Saved entries
■ ■ ■ ■ ■ ■ ■

text \<open>Gluing: route the mass arriving at \<open>y\<close> under \<open>T1\<close> onwards in the proportions of \<open>T2\<close>.\<close>
lemma transport_plan_compose:
  assumes T1: "transport_plan V \<mu> \<rho> T1" and T2: "transport_plan V \<rho> \<sigma> T2"
  shows "\<exists>T. transport_plan V \<mu> \<sigma> T \<and> cost T \<le> cost T1 + cost T2"
proof -
  define K where "K x y z = T1 (x, y) * T2 (y, z) / \<rho> y" for x y z
  have K_nonneg: "0 \<le> K x y z" if "x \<in> V" "y \<in> V" "z \<in> V" for x y z
    using T1 T2 that unfolding K_def transport_plan_def by (metis divide_nonneg_nonneg
        mult_nonneg_nonneg sum_nonneg)
  have sum_K_z: "(\<Sum>z\<in>V. K x y z) = T1 (x, y)" if "x \<in> V" "y \<in> V" for x y
    using T2 that transport_plan_zero_column[OF T1 \<open>y \<in> V\<close> _ \<open>x \<in> V\<close>]
    unfolding K_def transport_plan_def
    by (cases "\<rho> y = 0") (auto simp: sum_distrib_left[symmetric] sum_divide_distrib[symmetric])
  have sum_K_x: "(\<Sum>x\<in>V. K x y z) = T2 (y, z)" if "y \<in> V" "z \<in> V" for y z
    using T1 that transport_plan_zero_row[OF T2 \<open>y \<in> V\<close> _ \<open>z \<in> V\<close>]
    unfolding K_def transport_plan_def
    by (cases "\<rho> y = 0") (auto simp: sum_distrib_right[symmetric] sum_divide_distrib[symmetric])
  have "transport_plan V \<mu> \<sigma> (\<lambda>p. \<Sum>y\<in>V. K (fst p) y (snd p))"
    unfolding transport_plan_def
  proof (intro conjI ballI)
    show "0 \<le> (\<Sum>y\<in>V. K (fst (x, z)) y (snd (x, z)))" if "x \<in> V" "z \<in> V" for x z
      using K_nonneg that by (auto intro: sum_nonneg)
    show "(\<Sum>z\<in>V. \<Sum>y\<in>V. K (fst (x, z)) y (snd (x, z))) = \<mu> x" if "x \<in> V" for x
      using sum.swap[of "K x" V V] sum_K_z T1 that unfolding transport_plan_def by simp
    show "(\<Sum>x\<in>V. \<Sum>y\<in>V. K (fst (x, z)) y (snd (x, z))) = \<sigma> z" if "z \<in> V" for z
      using sum.swap[of "\<lambda>x y. K x y z" V V] sum_K_x T2 that unfolding transport_plan_def by simp
  qed
  then show ?thesis using cost_coupling_le[OF K_nonneg sum_K_z sum_K_x] by blast
qed

section \<open>Limits of the Wasserstein distance\<close>

lemma wasserstein_le_perturbed:
  assumes "distribution \<mu>" "distribution \<nu>" "distribution \<rho>" "distribution \<sigma>"
    and plan: "transport_plan V \<rho> \<sigma> T"
  shows "wasserstein V E \<mu> \<nu>
    \<le> cost T + real diam * ((\<Sum>x\<in>V. \<bar>\<mu> x - \<rho> x\<bar>) + (\<Sum>x\<in>V. \<bar>\<nu> x - \<sigma> x\<bar>))"
proof -
  obtain T1 where T1: "transport_plan V \<mu> \<rho> T1" "cost T1 \<le> real diam * (\<Sum>x\<in>V. \<bar>\<mu> x - \<rho> x\<bar>)"
    using exists_plan_cost_le_l1[of \<mu> \<rho>] assms unfolding distribution_def by auto
  obtain T3 where T3: "transport_plan V \<sigma> \<nu> T3" "cost T3 \<le> real diam * (\<Sum>x\<in>V. \<bar>\<nu> x - \<sigma> x\<bar>)"
    using exists_plan_cost_le_l1[of \<sigma> \<nu>] assms unfolding distribution_def
    by (auto simp: abs_minus_commute)
  obtain T2 where T2: "transport_plan V \<mu> \<sigma> T2" "cost T2 \<le> cost T1 + cost T"
    using transport_plan_compose[OF T1(1) plan] by blast
  obtain T4 where "transport_plan V \<mu> \<nu> T4" "cost T4 \<le> cost T2 + cost T3"
    using transport_plan_compose[OF T2(1) T3(1)] by blast
  then show ?thesis using wasserstein_le_cost T1(2) T2(2) T3(2) by (smt (verit) distrib_left)
qed

lemma wasserstein_ge_perturbed:
  assumes "distribution \<mu>" "distribution \<nu>"
    and "\<And>x y. x \<in> V \<Longrightarrow> y \<in> V \<Longrightarrow> f y - f x \<le> real (gdist E x y)"
    and bounded: "\<And>x. x \<in> V \<Longrightarrow> \<bar>f x\<bar> \<le> 1"
  shows "(\<Sum>y\<in>V. f y * \<sigma> y) - (\<Sum>x\<in>V. f x * \<rho> x)
    - ((\<Sum>x\<in>V. \<bar>\<mu> x - \<rho> x\<bar>) + (\<Sum>x\<in>V. \<bar>\<nu> x - \<sigma> x\<bar>)) \<le> wasserstein V E \<mu> \<nu>"
proof -
  have "(\<Sum>y\<in>V. f y * \<nu> y) - (\<Sum>x\<in>V. f x * \<mu> x) \<le> wasserstein V E \<mu> \<nu>"
    using assms(1-3) by (rule wasserstein_ge_lipschitz)
  moreover have "(\<Sum>x\<in>V. f x * \<sigma> x) - (\<Sum>x\<in>V. f x * \<nu> x) \<le> (\<Sum>x\<in>V. \<bar>\<nu> x - \<sigma> x\<bar>)"
    using sum_bounded_weights_le_l1[where A = V and f = f and a = \<sigma> and b = \<nu>] bounded
    by (simp add: abs_minus_commute)
  moreover have "(\<Sum>x\<in>V. f x * \<mu> x) - (\<Sum>x\<in>V. f x * \<rho> x) \<le> (\<Sum>x\<in>V. \<bar>\<mu> x - \<rho> x\<bar>)"
    using sum_bounded_weights_le_l1[where A = V and f = f and a = \<mu> and b = \<rho>] bounded by simp
  ultimately show ?thesis by linarith
qed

■ ■ ■ ■ ■ ■ ■

TASK TO COMPLETE
Among the entries above, count every line containing the string "obtain". Your reply must be that number alone.

EXERCISE SOLUTION
4